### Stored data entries
lemma sum_powr_mult_Hoelder_eq:
  fixes Q c :: "'a \<Rightarrow> real"
  assumes \<alpha>: "\<alpha> \<noteq> 1" and c: "\<And>y. y \<in> A \<Longrightarrow> 0 \<le> c y"
    and H: "H = (\<Sum>y\<in>A. c y powr (1 / (1 - \<alpha>)))" "0 < H"
    and Q: "\<And>y. y \<in> A \<Longrightarrow> Q y = c y powr (1 / (1 - \<alpha>)) / H"
  shows "(\<Sum>y\<in>A. Q y powr \<alpha> * c y) powr (1 / (1 - \<alpha>)) = H"
proof -
  have "Q y powr \<alpha> * c y = c y powr (1 / (1 - \<alpha>)) / H powr \<alpha>" if y: "y \<in> A" for y
  proof -
    have "c y powr (1 / (1 - \<alpha>) * \<alpha>) * c y = c y powr (1 / (1 - \<alpha>))"
    proof (cases "c y = 0")
      case False
      have "1 / (1 - \<alpha>) * \<alpha> + 1 = 1 / (1 - \<alpha>)"
        using \<alpha> by (simp add: field_simps)
      then have "c y powr (1 / (1 - \<alpha>) * \<alpha>) * c y powr 1 = c y powr (1 / (1 - \<alpha>))"
        by (metis powr_add)
      then show ?thesis
        using False c[OF y] by simp
    qed simp
    then show ?thesis
      using c[OF y] H(2) by (simp add: Q[OF y] powr_divide powr_powr)
  qed
  then have "(\<Sum>y\<in>A. Q y powr \<alpha> * c y) = H / H powr \<alpha>"
    by (simp add: H(1) sum_divide_distrib)
  also have "\<dots> = H powr (1 - \<alpha>)"
    using H(2) by (simp add: powr_diff)
  finally show ?thesis
    using \<alpha> H(2) by (simp add: powr_powr)
qed

section \<open>Input distributions and channels\<close>

lemma mult_pos_iff_nonneg:
  fixes a b :: real
  shows "0 \<le> a \<Longrightarrow> 0 \<le> b \<Longrightarrow> 0 < a * b \<longleftrightarrow> 0 < a \<and> 0 < b"
  by (auto simp: zero_less_mult_iff)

### HOW TO COMPLETE THIS TASK
Scan the entries for the string "Longrightarrow" and report only how many lines contain it.

### ANSWER SPACE
3